Pero si atendemos a los graves hechos ocurridos en los últimos tiempos en España, con declaraciones unilaterales de independencia y vista su disposición, según dicen, a reiterarlas, es legítimo dudar que hayan aceptado realmente aquel núcleo duro de la Constitución que son sus reglas de cambio sin cuyo respeto un partido se sitúa extramuros del sistema.
Agobiados lógicamente por la gravedad de los problemas sanitarios y económicos así como por la urgencia de tomar medidas para superarlo, las autoridades y una parte importante de la opinión pública han preferido mirar para otro lado y considerar que, siendo Bildu y ERC partidos legalmente inscritos y habiendo recibido los votos requeridos para estar presentes en las Cortes, tienen la legitimidad necesaria para ser considerados interlocutores válidos de cualquier acuerdo parlamentario. Ciertamente, y con independencia de la incomodidad que esto represente para algunos ciudadanos, los diputados y senadores independentistas son representantes del pueblo español. Es una muestra de la capacidad inclusiva de nuestra Constitución.
Pero eso no significa que los partidos del arco constitucional deban reconocerlos como copartícipes, como se ha dicho, en el “gobierno del Estado”, si previamente no responden afirmativamente a una simple pregunta: ¿se comprometen a canalizar sus proyectos políticos por las vías constitucionales previstas; esto es, el título X de la Constitución? O dicho más claramente: ¿renuncian a la llamada unilateralidad?
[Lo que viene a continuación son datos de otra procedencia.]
(* Let $d\ge 2$ and $k$ be positive integers. There exists a unique subset $\mathcal{X}$ of $\mathbb{P}^d_\circ$ such that $|\mathcal{X}|=\delta_z(d,k)$ and $\kappa(\mathcal{X})\le k$ if and only if $k=\kappa(B(d,p)\cap\mathbb{P}^d_\circ)$ for some positive integer $p$.
   Context: A point of $\mathbb{Z}^d$ is primitive if its coordinates are relatively prime; $\mathbb{P}^d_\circ$ denotes the set of primitive points of $\mathbb{Z}^d$ whose first non-zero coordinate is positive. $B(d,p)=\{x\in\mathbb{R}^d:\|x\|_1\le p\}$. For a finite $\mathcal{X}\subset\mathbb{R}^d$, $\kappa(\mathcal{X})=\max_{1\le i\le d}\sum_{x\in\mathcal{X}}|x_i|$, and $\delta_z(d,k)=\max\{|\mathcal{X}|:\mathcal{X}\subset\mathbb{P}^d_\circ,\ \kappa(\mathcal{X})\le k\}$. *)

theory Defs
  imports Main
begin

text \<open>Points of Z^d are represented as integer lists of length d.\<close>

definition primitive :: "int list \<Rightarrow> bool" where
  "primitive x \<longleftrightarrow> Gcd (set x) = 1"

definition first_nonzero_pos :: "int list \<Rightarrow> bool" where
  "first_nonzero_pos x \<longleftrightarrow> (\<exists>i<length x. (\<forall>j<i. x ! j = 0) \<and> x ! i > 0)"

definition Pcirc :: "nat \<Rightarrow> int list set" where
  "Pcirc d = {x. length x = d \<and> primitive x \<and> first_nonzero_pos x}"

definition Bint :: "nat \<Rightarrow> int \<Rightarrow> int list set" where
  "Bint d p = {x. length x = d \<and> (\<Sum>i<d. \<bar>x ! i\<bar>) \<le> p}"

definition kappa :: "nat \<Rightarrow> int list set \<Rightarrow> int" where
  "kappa d X = Max ((\<lambda>i. \<Sum>x\<in>X. \<bar>x ! i\<bar>) ` {..<d})"

definition delta_z :: "nat \<Rightarrow> int \<Rightarrow> nat" where
  "delta_z d k = Max {card X | X. finite X \<and> X \<subseteq> Pcirc d \<and> kappa d X \<le> k}"

end

theory Submission
  imports Defs "HOL-Combinatorics.Permutations"
begin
Sin una respuesta positiva, clara y rotunda, a esta pregunta, enredarnos a discutir sobre la legitimidad (que nadie o pocos discuten) de su mandato parlamentario o sobre la necesidad y urgencia de contar con sus votos, es escamotear una cuestión previa capital: la de la confiabilidad que merecen unos partidos cuya estrategia ha sido hasta ahora de clara ruptura del orden constitucional. Y, sin esa garantía de que respetarán ese núcleo duro de nuestra Constitución que es el título X de la misma, los partidos del arco constitucional deberían practicar con ellos una sana política de distanciamiento.
Aclarar esta duda o, en su caso, distanciarse de partidos que siguen empeñados en vivir extramuros del sistema, sería una forma tranquilizadora de celebrar el cuadragésimo segundo aniversario de nuestra Constitución.
*** Virgilio Zapatero es catedrático emérito y ex rector de la Universidad de Alcalá.